UCLA economist Christopher Thornberg says the terrorist attacks had a major political impact, but little financial effect on U.S. business. He said, "They have changed the focus of our government. We went from looking internally to looking externally again. They've obviously had a huge human toll, the suffering and the loss suffered by so many people. But the economic impact is really negligible." Mr. Thornberg and his colleagues looked at natural disasters that caused damage comparable to the damage in New York.
Economist Edward Leamer says the economic impact of those natural disasters was limited. "For example," he said, "Hurricane Andrew did $40 billion worth of damage [in 1992] to the state of Florida. That affected earnings in the quarter in which it occurred, but by the next quarter, the state of Florida was fully recovered in terms of their earnings and gross state product."

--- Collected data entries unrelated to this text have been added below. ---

lemma hits_in_Cons_SCons:
  assumes "A \<subseteq> B"
  shows "hits_in B (A#As) (x ## s) \<longleftrightarrow> (x \<in> A \<and> hits_in B As s) \<or> (x \<notin> B \<and> hits_in B (A#As) s)"
proof
  assume "hits_in B (A#As) (x ## s)"
  then obtain n where n: "\<forall>i<n. (x##s) !! i \<notin> B" "(x##s) !! n \<in> A" "hits_in B As (sdrop (Suc n) (x##s))"
    by auto
  show "(x \<in> A \<and> hits_in B As s) \<or> (x \<notin> B \<and> hits_in B (A#As) s)"
  proof (cases n)
    case 0 then show ?thesis using n by simp
  next
    case (Suc m)
    have "\<forall>i<m. s !! i \<notin> B" using n(1) Suc by (auto dest: spec[of _ "Suc _"])
    moreover have "x \<notin> B" using n(1) Suc by (auto dest: spec[of _ 0])
    ultimately show ?thesis using n Suc by auto
  qed
next
  assume "(x \<in> A \<and> hits_in B As s) \<or> (x \<notin> B \<and> hits_in B (A#As) s)"
  then show "hits_in B (A#As) (x ## s)"
  proof
    assume "x \<in> A \<and> hits_in B As s"
    then show ?thesis by (auto intro!: exI[of _ 0])
  next
    assume h: "x \<notin> B \<and> hits_in B (A#As) s"
    then obtain m where m: "\<forall>i<m. s !! i \<notin> B" "s !! m \<in> A" "hits_in B As (sdrop (Suc m) s)" by auto
    have "\<forall>i<Suc m. (x##s) !! i \<notin> B" using m(1) h by (auto simp: less_Suc_eq_0_disj)
    then show ?thesis using m by (auto intro!: exI[of _ "Suc m"])
  qed
qed

text \<open>First-step analysis: condition on the first element of the stream.\<close>
lemma emeasure_hits_in_Cons:
  assumes mu: "prob_space \<mu>" and B: "B \<in> sets \<mu>" and A: "A \<in> sets \<mu>" "A \<subseteq> B"
    and As': "\<forall>A\<in>set As. A \<in> sets \<mu> \<and> A \<subseteq> B"
  shows "emeasure (stream_space \<mu>) {\<omega>\<in>space (stream_space \<mu>). hits_in B (A#As) \<omega>}
    = emeasure (stream_space \<mu>) {\<omega>\<in>space (stream_space \<mu>). hits_in B As \<omega>} * emeasure \<mu> A
      + emeasure (stream_space \<mu>) {\<omega>\<in>space (stream_space \<mu>). hits_in B (A#As) \<omega>} * emeasure \<mu> (space \<mu> - B)"
proof -
  interpret prob_space \<mu> by fact
  define E where "E = {\<omega>\<in>space (stream_space \<mu>). hits_in B (A#As) \<omega>}"
  define E' where "E' = {\<omega>\<in>space (stream_space \<mu>). hits_in B As \<omega>}"
  have Em: "E \<in> sets (stream_space \<mu>)" unfolding E_def
    by (rule predE, rule measurable_hits_in) (use B A As' in auto)
  have E'm: "E' \<in> sets (stream_space \<mu>)" unfolding E'_def
    by (rule predE, rule measurable_hits_in) (use B As' in auto)
  have Bc: "space \<mu> - B \<in> sets \<mu>" using B by auto
  have pt: "indicator E (x ## s) = indicator A x * indicator E' s + indicator (space \<mu> - B) x * (indicator E s :: ennreal)"
    if x: "x \<in> space \<mu>" and s: "s \<in> space (stream_space \<mu>)" for x s
  proof -
    have xs: "x ## s \<in> space (stream_space \<mu>)" using x s by (simp add: space_stream_space)
    have "hits_in B (A#As) (x ## s) \<longleftrightarrow> (x \<in> A \<and> hits_in B As s) \<or> (x \<notin> B \<and> hits_in B (A#As) s)"
      by (rule hits_in_Cons_SCons[OF A(2)])
    then have "x ## s \<in> E \<longleftrightarrow> (x \<in> A \<and> s \<in> E') \<or> (x \<in> space \<mu> - B \<and> s \<in> E)"
      using xs s x unfolding E_def E'_def by blast
    moreover have "\<not> (x \<in> A \<and> x \<in> space \<mu> - B)" using A(2) by blast
    ultimately show ?thesis by (auto simp: indicator_def simp del: hits_in.simps)
  qed
  have "emeasure (stream_space \<mu>) E = (\<integral>\<^sup>+\<omega>. indicator E \<omega> \<partial>stream_space \<mu>)"
    using Em by simp
  also have "\<dots> = (\<integral>\<^sup>+x. \<integral>\<^sup>+s. indicator E (x ## s) \<partial>stream_space \<mu> \<partial>\<mu>)"
    by (rule nn_integral_stream_space) (use Em in simp)
  also have "\<dots> = (\<integral>\<^sup>+x. \<integral>\<^sup>+s. (indicator A x * indicator E' s + indicator (space \<mu> - B) x * indicator E s)
                  \<partial>stream_space \<mu> \<partial>\<mu>)"
    by (intro nn_integral_cong) (simp add: pt)
  also have "\<dots> = (\<integral>\<^sup>+x. (indicator A x * emeasure (stream_space \<mu>) E' +
                    indicator (space \<mu> - B) x * emeasure (stream_space \<mu>) E) \<partial>\<mu>)"
  proof (intro nn_integral_cong)
    fix x
    have "(\<integral>\<^sup>+s. (indicator A x * indicator E' s + indicator (space \<mu> - B) x * indicator E s) \<partial>stream_space \<mu>)
        = (\<integral>\<^sup>+s. indicator A x * indicator E' s \<partial>stream_space \<mu>) + (\<integral>\<^sup>+s. indicator (space \<mu> - B) x * indicator E s \<partial>stream_space \<mu>)"
      by (rule nn_integral_add) (use Em E'm in auto)
    also have "\<dots> = indicator A x * emeasure (stream_space \<mu>) E' + indicator (space \<mu> - B) x * emeasure (stream_space \<mu>) E"
      by (simp only: nn_integral_cmult_indicator[OF E'm] nn_integral_cmult_indicator[OF Em])
    finally show "(\<integral>\<^sup>+s. (indicator A x * indicator E' s + indicator (space \<mu> - B) x * indicator E s) \<partial>stream_space \<mu>)
        = indicator A x * emeasure (stream_space \<mu>) E' + indicator (space \<mu> - B) x * emeasure (stream_space \<mu>) E" .
  qed
  also have "\<dots> = emeasure (stream_space \<mu>) E' * emeasure \<mu> A + emeasure (stream_space \<mu>) E * emeasure \<mu> (space \<mu> - B)"
  proof -
    have t: "(\<integral>\<^sup>+x. indicator C x * c \<partial>\<mu>) = c * emeasure \<mu> C" if "C \<in> sets \<mu>" for C c
    proof -
      have "(\<integral>\<^sup>+x. indicator C x * c \<partial>\<mu>) = (\<integral>\<^sup>+x. c * indicator C x \<partial>\<mu>)" by (simp add: mult.commute)
      also have "\<dots> = c * emeasure \<mu> C" by (rule nn_integral_cmult_indicator[OF that])
      finally show ?thesis .
    qed
    show ?thesis by (subst nn_integral_add) (use A Bc in \<open>auto simp: t\<close>)
  qed
  finally show ?thesis unfolding E_def E'_def .
qed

Another natural disaster, California's Northridge earthquake, caused $23 billion damage in 1994; but the economist says California also recovered in just one quarter.

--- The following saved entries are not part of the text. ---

(* Let $m,n\ge 1$, $M=\{1,\dots,m\}$, $N=\{1,\dots,n\}$. (i) For BQAP1 with data $Q=(q_{ijk\ell})$ ($m\times n\times m\times n$) and $m\times n$ matrices $c,d$, the average $\mathcal{A}_1(Q,c,d)$ of the objective value $f_1(x,y)$ over all feasible solutions equals $$\mathcal{A}_1(Q,c,d)=\frac{1}{mn}\sum_{i=1}^m\sum_{j=1}^n\sum_{k=1}^m\sum_{\ell=1}^n q_{ijk\ell}+\frac{1}{n}\sum_{i=1}^m\sum_{j=1}^n c_{ij}+\frac{1}{m}\sum_{i=1}^m\sum_{j=1}^n d_{ij}.$$ (ii) For BQAP2 with data $Q=(q_{ijk\ell})$ ($m\times m\times n\times n$), an $m\times m$ matrix $c$ and an $n\times n$ matrix $d$, the average $\mathcal{A}_2(Q,c,d)$ of $f_2(x,y)$ over all feasible solutions equals $$\mathcal{A}_2(Q,c,d)=\frac{1}{mn}\sum_{i=1}^m\sum_{j=1}^m\sum_{k=1}^n\sum_{\ell=1}^n q_{ijk\ell}+\frac{1}{m}\sum_{i=1}^m\sum_{j=1}^m c_{ij}+\frac{1}{n}\sum_{i=1}^n\sum_{j=1}^n d_{ij}.$$
   Context: BQAP1: the feasible solutions are pairs $(x,y)$ of $m\times n$ 0-1 matrices with $\sum_{j=1}^n x_{ij}=1$ for every $i\in M$ and $\sum_{i=1}^m y_{ij}=1$ for every $j\in N$ (there are $n^m m^n$ of them); the objective is $f_1(x,y)=\sum_{i,k\in M}\sum_{j,\ell\in N} q_{ijk\ell}x_{ij}y_{k\ell}+\sum_{i\in M,j\in N}c_{ij}x_{ij}+\sum_{i\in M,j\in N}d_{ij}y_{ij}$. BQAP2: feasible solutions are pairs $(x,y)$ with $x$ an $m\times m$ 0-1 matrix satisfying $\sum_{j=1}^m x_{ij}=1$ for all $i\in M$ and $y$ an $n\times n$ 0-1 matrix satisfying $\sum_{i=1}^n y_{ij}=1$ for all $j\in N$ (there are $m^m n^n$ of them); the objective is $f_2(x,y)=\sum_{i,j\in M}\sum_{k,\ell\in N} q_{ijk\ell}x_{ij}y_{k\ell}+\sum_{i,j\in M}c_{ij}x_{ij}+\sum_{i,j\in N}d_{ij}y_{ij}$. All data are real numbers. *)

theory Defs
  imports Complex_Main
begin

text \<open>0-1 matrices are represented as functions nat => nat => real, with entries in {0,1}
  and entries outside the index range (rows/columns starting at 1) fixed to 0, so that the
  set of feasible solutions is exactly the finite set of pairs of matrices described in the paper.\<close>

definition zero_one_matrix :: "nat \<Rightarrow> nat \<Rightarrow> (nat \<Rightarrow> nat \<Rightarrow> real) \<Rightarrow> bool" where
  "zero_one_matrix r s x \<longleftrightarrow>
     (\<forall>i j. x i j \<in> {0, 1}) \<and> (\<forall>i j. (i \<notin> {1..r} \<or> j \<notin> {1..s}) \<longrightarrow> x i j = 0)"

definition bqap1_feasible :: "nat \<Rightarrow> nat \<Rightarrow> ((nat \<Rightarrow> nat \<Rightarrow> real) \<times> (nat \<Rightarrow> nat \<Rightarrow> real)) set" where
  "bqap1_feasible m n = {(x, y).
     zero_one_matrix m n x \<and> zero_one_matrix m n y \<and>
     (\<forall>i\<in>{1..m}. (\<Sum>j=1..n. x i j) = 1) \<and>
     (\<forall>j\<in>{1..n}. (\<Sum>i=1..m. y i j) = 1)}"

definition bqap2_feasible :: "nat \<Rightarrow> nat \<Rightarrow> ((nat \<Rightarrow> nat \<Rightarrow> real) \<times> (nat \<Rightarrow> nat \<Rightarrow> real)) set" where
  "bqap2_feasible m n = {(x, y).
     zero_one_matrix m m x \<and> zero_one_matrix n n y \<and>
     (\<forall>i\<in>{1..m}. (\<Sum>j=1..m. x i j) = 1) \<and>
     (\<forall>j\<in>{1..n}. (\<Sum>i=1..n. y i j) = 1)}"

definition bqap1_obj ::
  "nat \<Rightarrow> nat \<Rightarrow> (nat \<Rightarrow> nat \<Rightarrow> nat \<Rightarrow> nat \<Rightarrow> real) \<Rightarrow> (nat \<Rightarrow> nat \<Rightarrow> real) \<Rightarrow> (nat \<Rightarrow> nat \<Rightarrow> real)
   \<Rightarrow> (nat \<Rightarrow> nat \<Rightarrow> real) \<Rightarrow> (nat \<Rightarrow> nat \<Rightarrow> real) \<Rightarrow> real" where
  "bqap1_obj m n q c d x y =
     (\<Sum>i=1..m. \<Sum>k=1..m. \<Sum>j=1..n. \<Sum>l=1..n. q i j k l * x i j * y k l)
     + (\<Sum>i=1..m. \<Sum>j=1..n. c i j * x i j)
     + (\<Sum>i=1..m. \<Sum>j=1..n. d i j * y i j)"

definition bqap2_obj ::
  "nat \<Rightarrow> nat \<Rightarrow> (nat \<Rightarrow> nat \<Rightarrow> nat \<Rightarrow> nat \<Rightarrow> real) \<Rightarrow> (nat \<Rightarrow> nat \<Rightarrow> real) \<Rightarrow> (nat \<Rightarrow> nat \<Rightarrow> real)
   \<Rightarrow> (nat \<Rightarrow> nat \<Rightarrow> real) \<Rightarrow> (nat \<Rightarrow> nat \<Rightarrow> real) \<Rightarrow> real" where
  "bqap2_obj m n q c d x y =
     (\<Sum>i=1..m. \<Sum>j=1..m. \<Sum>k=1..n. \<Sum>l=1..n. q i j k l * x i j * y k l)
     + (\<Sum>i=1..m. \<Sum>j=1..m. c i j * x i j)
     + (\<Sum>i=1..n. \<Sum>j=1..n. d i j * y i j)"

definition average :: "'a set \<Rightarrow> ('a \<Rightarrow> real) \<Rightarrow> real" where
  "average S f = (\<Sum>p\<in>S. f p) / real (card S)"

end

theory Submission
  imports Defs "HOL-Combinatorics.Transposition"
begin

text \<open>The feasible set of either problem is a Cartesian product: the constraints on \<open>x\<close> and on
  \<open>y\<close> are independent. Hence the average of \<open>x\<^sub>i\<^sub>j y\<^sub>k\<^sub>l\<close> over it is the product of the separate
  averages of \<open>x\<^sub>i\<^sub>j\<close> and \<open>y\<^sub>k\<^sub>l\<close>, and by linearity the average objective is determined by these
  entry averages. Swapping two columns within one row permutes the matrices whose rows each
  contain a single 1, so all entries of a row have the same average; since each row sums to 1,
  that average is \<open>1/s\<close> for \<open>s\<close> columns. Transposition gives the analogous value for matrices
  whose columns each contain a single 1.\<close>

lemma average_add: "average S (\<lambda>p. f p + g p) = average S f + average S g"
  by (simp add: average_def sum.distrib add_divide_distrib)

lemma average_sum: "average S (\<lambda>p. \<Sum>i\<in>I. f i p) = (\<Sum>i\<in>I. average S (f i))"
  by (simp add: average_def sum.swap[of _ I] sum_divide_distrib)

lemma average_scale: "average S (\<lambda>p. c * f p) = c * average S f"
  by (simp add: average_def sum_distrib_left)

lemma average_const:
  assumes "finite S" "S \<noteq> {}"
  shows "average S (\<lambda>_. c) = c"
  using assms by (simp add: average_def)

text \<open>No finiteness is needed: the sum and the cardinality of an infinite set are both 0.\<close>

lemma average_product:
  "average (A \<times> B) (\<lambda>p. f (fst p) * g (snd p)) = average A f * average B g"
proof -
  have "(\<Sum>p\<in>A \<times> B. f (fst p) * g (snd p)) = (\<Sum>x\<in>A. f x) * (\<Sum>y\<in>B. g y)"
    by (simp add: sum.cartesian_product case_prod_unfold sum_product)
  then show ?thesis
    by (simp add: average_def card_cartesian_product)
qed

lemma average_product_fst:
  assumes "finite B" "B \<noteq> {}"
  shows "average (A \<times> B) (\<lambda>p. f (fst p)) = average A f"
  using average_product[of A B f "\<lambda>_. 1"] assms by (simp add: average_const)

lemma average_product_snd:
  assumes "finite A" "A \<noteq> {}"
  shows "average (A \<times> B) (\<lambda>p. g (snd p)) = average B g"
  using average_product[of A B "\<lambda>_. 1" g] assms by (simp add: average_const)

lemma average_bilinear_objective:
  fixes A B :: "('a \<Rightarrow> 'b \<Rightarrow> real) set"
  assumes "finite A" "A \<noteq> {}" "finite B" "B \<noteq> {}"
    and "\<And>i j. i \<in> I \<Longrightarrow> j \<in> J \<Longrightarrow> average A (\<lambda>x. x i j) = \<alpha>"
    and "\<And>k l. k \<in> K \<Longrightarrow> l \<in> L \<Longrightarrow> average B (\<lambda>y. y k l) = \<beta>"
  shows "average (A \<times> B) (\<lambda>(x, y). (\<Sum>i\<in>I. \<Sum>j\<in>J. \<Sum>k\<in>K. \<Sum>l\<in>L. q i j k l * x i j * y k l)
          + (\<Sum>i\<in>I. \<Sum>j\<in>J. c i j * x i j) + (\<Sum>k\<in>K. \<Sum>l\<in>L. d k l * y k l))
       = \<alpha> * \<beta> * (\<Sum>i\<in>I. \<Sum>j\<in>J. \<Sum>k\<in>K. \<Sum>l\<in>L. q i j k l)
         + \<alpha> * (\<Sum>i\<in>I. \<Sum>j\<in>J. c i j) + \<beta> * (\<Sum>k\<in>K. \<Sum>l\<in>L. d k l)"
proof -
  have entries:
    "average (A \<times> B) (\<lambda>p. fst p i j * snd p k l) = average A (\<lambda>x. x i j) * average B (\<lambda>y. y k l)"
    "average (A \<times> B) (\<lambda>p. fst p i j) = average A (\<lambda>x. x i j)"
    "average (A \<times> B) (\<lambda>p. snd p k l) = average B (\<lambda>y. y k l)" for i j k l
    using average_product[of A B "\<lambda>x. x i j" "\<lambda>y. y k l"]
      average_product_fst[of B A "\<lambda>x. x i j"] average_product_snd[of A B "\<lambda>y. y k l"] assms
    by simp_all
  have "average (A \<times> B) (\<lambda>(x, y). (\<Sum>i\<in>I. \<Sum>j\<in>J. \<Sum>k\<in>K. \<Sum>l\<in>L. q i j k l * x i j * y k l)
          + (\<Sum>i\<in>I. \<Sum>j\<in>J. c i j * x i j) + (\<Sum>k\<in>K. \<Sum>l\<in>L. d k l * y k l))
     = (\<Sum>i\<in>I. \<Sum>j\<in>J. \<Sum>k\<in>K. \<Sum>l\<in>L. q i j k l * (\<alpha> * \<beta>))
       + (\<Sum>i\<in>I. \<Sum>j\<in>J. c i j * \<alpha>) + (\<Sum>k\<in>K. \<Sum>l\<in>L. d k l * \<beta>)"
    using entries assms
    by (simp add: case_prod_unfold average_add average_sum mult.assoc average_scale)
  then show ?thesis
    by (simp add: sum_distrib_left mult_ac)
qed

definition row_assignments :: "nat \<Rightarrow> nat \<Rightarrow> (nat \<Rightarrow> nat \<Rightarrow> real) set" where
  "row_assignments r s = {x. zero_one_matrix r s x \<and> (\<forall>i\<in>{1..r}. (\<Sum>j=1..s. x i j) = 1)}"

definition column_assignments :: "nat \<Rightarrow> nat \<Rightarrow> (nat \<Rightarrow> nat \<Rightarrow> real) set" where
  "column_assignments r s = {y. zero_one_matrix r s y \<and> (\<forall>j\<in>{1..s}. (\<Sum>i=1..r. y i j) = 1)}"

lemma finite_zero_one_matrices: "finite {x. zero_one_matrix r s x}"
proof (rule inj_on_finite)
  show "inj_on (\<lambda>x. {(i, j). x i j = 1}) {x. zero_one_matrix r s x}"
  proof (intro inj_onI ext)
    fix x y i j
    assume "x \<in> {x. zero_one_matrix r s x}" "y \<in> {x. zero_one_matrix r s x}"
      and ones: "{(i, j). x i j = 1} = {(i, j). y i j = 1}"
    then have "x i j \<in> {0, 1}" "y i j \<in> {0, 1}"
      unfolding zero_one_matrix_def mem_Collect_eq by blast+
    moreover have "x i j = 1 \<longleftrightarrow> y i j = 1"
      using ones by (simp add: set_eq_iff)
    ultimately show "x i j = y i j" by auto
  qed
  have "{(i, j). x i j = 1} \<subseteq> {1..r} \<times> {1..s}" if "zero_one_matrix r s x" for x
  proof (clarify)
    fix i j assume "x i j = 1"
    then show "i \<in> {1..r} \<and> j \<in> {1..s}"
      using that unfolding zero_one_matrix_def by (metis one_neq_zero)
  qed
  then show "(\<lambda>x. {(i, j). x i j = 1}) ` {x. zero_one_matrix r s x} \<subseteq> Pow ({1..r} \<times> {1..s})"
    by blast
qed simp

lemma finite_row_assignments: "finite (row_assignments r s)"
  by (rule finite_subset[OF _ finite_zero_one_matrices]) (auto simp: row_assignments_def)

lemma row_assignments_nonempty:
  assumes "s \<ge> 1"
  shows "row_assignments r s \<noteq> {}"
proof -
  let ?x = "\<lambda>i j. if i \<in> {1..r} \<and> j = 1 then 1 else 0 :: real"
  have "(\<Sum>j=1..s. ?x i j) = 1" if "i \<in> {1..r}" for i
    using that assms by simp
  then have "?x \<in> row_assignments r s"
    using assms by (simp add: row_assignments_def zero_one_matrix_def)
  then show ?thesis by blast
qed

definition swap_columns_in_row :: "nat \<Rightarrow> nat \<Rightarrow> nat \<Rightarrow> (nat \<Rightarrow> nat \<Rightarrow> 'a) \<Rightarrow> nat \<Rightarrow> nat \<Rightarrow> 'a"
  where "swap_columns_in_row i a b x = x(i := x i \<circ> transpose a b)"

lemma swap_columns_in_row_involutory [simp]:
  "swap_columns_in_row i a b (swap_columns_in_row i a b x) = x"
  by (simp add: swap_columns_in_row_def fun_eq_iff)

lemma swap_columns_in_row_mem:
  assumes "a \<in> {1..s}" "b \<in> {1..s}" "x \<in> row_assignments r s"
  shows "swap_columns_in_row i a b x \<in> row_assignments r s"
proof -
  let ?x' = "swap_columns_in_row i a b x"
  have x: "x p q \<in> {0, 1}" "p \<notin> {1..r} \<or> q \<notin> {1..s} \<Longrightarrow> x p q = 0"
    "p \<in> {1..r} \<Longrightarrow> (\<Sum>j=1..s. x p j) = 1" for p q
    using assms(3) by (auto simp: row_assignments_def zero_one_matrix_def)
  have fixed: "transpose a b q = q" if "q \<notin> {1..s}" for q
    using assms(1,2) that by (auto simp: transpose_def)
  have "(\<Sum>j=1..s. x i (transpose a b j)) = (\<Sum>j=1..s. x i j)"
    using sum.reindex_bij_betw[of "transpose a b" "{1..s}" "{1..s}" "x i"] assms(1,2) by simp
  then have sums: "(\<Sum>j=1..s. ?x' p j) = (\<Sum>j=1..s. x p j)" for p
    by (simp add: swap_columns_in_row_def)
  have "?x' p q \<in> {0, 1}" for p q
    using x(1) by (simp add: swap_columns_in_row_def)
  moreover have "?x' p q = 0" if "p \<notin> {1..r} \<or> q \<notin> {1..s}" for p q
    using that x(2) fixed by (cases "p = i") (auto simp: swap_columns_in_row_def)
  ultimately show ?thesis
    using x(3) unfolding row_assignments_def zero_one_matrix_def mem_Collect_eq sums by blast
qed

lemma average_row_assignments_entry:
  assumes "i \<in> {1..r}" "j \<in> {1..s}"
  shows "average (row_assignments r s) (\<lambda>x. x i j) = 1 / real s"
proof -
  let ?R = "row_assignments r s"
  have same: "(\<Sum>x\<in>?R. x i a) = (\<Sum>x\<in>?R. x i j)" if "a \<in> {1..s}" for a
  proof -
    have "bij_betw (swap_columns_in_row i a j) ?R ?R"
      by (rule bij_betw_byWitness[where f' = "swap_columns_in_row i a j"])
        (auto simp: swap_columns_in_row_mem[OF that assms(2)])
    from sum.reindex_bij_betw[OF this, of "\<lambda>x. x i j"] show ?thesis
      by (simp add: swap_columns_in_row_def)
  qed
  have "real (card ?R) = (\<Sum>x\<in>?R. \<Sum>a=1..s. x i a)"
    using assms(1) by (simp add: row_assignments_def)
  also have "\<dots> = (\<Sum>a=1..s. \<Sum>x\<in>?R. x i a)"
    by (rule sum.swap)
  also have "\<dots> = real s * (\<Sum>x\<in>?R. x i j)"
    using same by simp
  finally have "(\<Sum>x\<in>?R. x i j) = real (card ?R) / real s"
    using assms(2) by (simp add: field_simps)
  moreover have "card ?R > 0"
    using finite_row_assignments row_assignments_nonempty assms(2) by (simp add: card_gt_0_iff)
  ultimately show ?thesis
    by (simp add: average_def)
qed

The devastation in New York and Washington was not caused by acts of nature. The damage was the result of terrorist attacks, and U.S. officials have called them acts of war. With the nation preparing for war, some economists worry U.S. consumer confidence could be shaken.
Economist Edward Leamer believes consumers are not that fragile. Moreover, he insists that recessions are not caused by fluctuations in consumer confidence but by cutbacks in business investment in the wake of declining profits.
He notes the United States is in an economic downturn based on the recent decline of the high-tech sector. He says the downturn was expected and should only last two quarters.
But he warns that excessive restrictions on air transport would have a long-lasting effect on the U.S. economy. Mr. Leamer said, "We cannot let the systems for delivering parts fundamentally affect our supply chains and cause idled work because we can't get parts to the right places, and we can't interrupt business travel."
The UCLA economists say possible disruptions in the oil supply could also cause a prolonged recession. The forecasters say higher oil prices combined with restrictions on air transit would raise the cost of doing business and could lead to a serious downturn in the U.S. economy. But they say the damage done in last week's terrorist attacks is not in itself enough to cause a recession.